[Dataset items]

*** Begin section ***

lemma psd_entry_cmod_square_le:
  assumes "psd M"
  shows "(cmod (M i j))\<^sup>2 \<le> Re (M i i) * Re (M j j)"
proof -
  have "(cmod (M i j))\<^sup>2 \<le> Re (M j j) * Re (M i i)"
  proof (rule cmod_square_le_of_hermitian_form_nonneg)
    show "0 \<le> Re (M i i)" using assms by (rule psd_diag_nonneg)
    have herm: "M j i = cnj (M i j)" using assms unfolding psd_def hermitian_def by blast
    fix c
    have "0 \<le> Re (qform M (\<lambda>k. (if k = j then 1 else 0) - c * (if k = i then 1 else 0)))"
      using assms unfolding psd_def by blast
    then show "0 \<le> Re (M j j - cnj c * M i j - c * cnj (M i j) + c * cnj c * M i i)"
      unfolding qform_indicator_diff herm .
  qed
  then show ?thesis by (simp add: mult.commute)
qed

lemma psd_Re_entry_square_le:
  assumes "psd M"
  shows "(Re (M i j))\<^sup>2 \<le> Re (M i i) * Re (M j j)"
proof -
  have "(Re (M i j))\<^sup>2 \<le> (cmod (M i j))\<^sup>2"
    using abs_Re_le_cmod abs_le_square_iff[of "Re (M i j)" "cmod (M i j)"] by simp
  also have "\<dots> \<le> Re (M i i) * Re (M j j)"
    using assms by (rule psd_entry_cmod_square_le)
  finally show ?thesis .
qed

lemma psd_entry_eq_zero:
  assumes "psd M" "M i i = 0"
  shows "M i j = 0"
  using psd_entry_cmod_square_le[OF assms(1), of i j] assms(2) by simp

*** End section ***

• **WHAT THE EXERCISE ASKS**
Each line in the records above that contains the word "blast" must be copied.

• **ANSWER TO THIS TASK**
    have herm: "M j i = cnj (M i j)" using assms unfolding psd_def hermitian_def by blast
      using assms unfolding psd_def by blast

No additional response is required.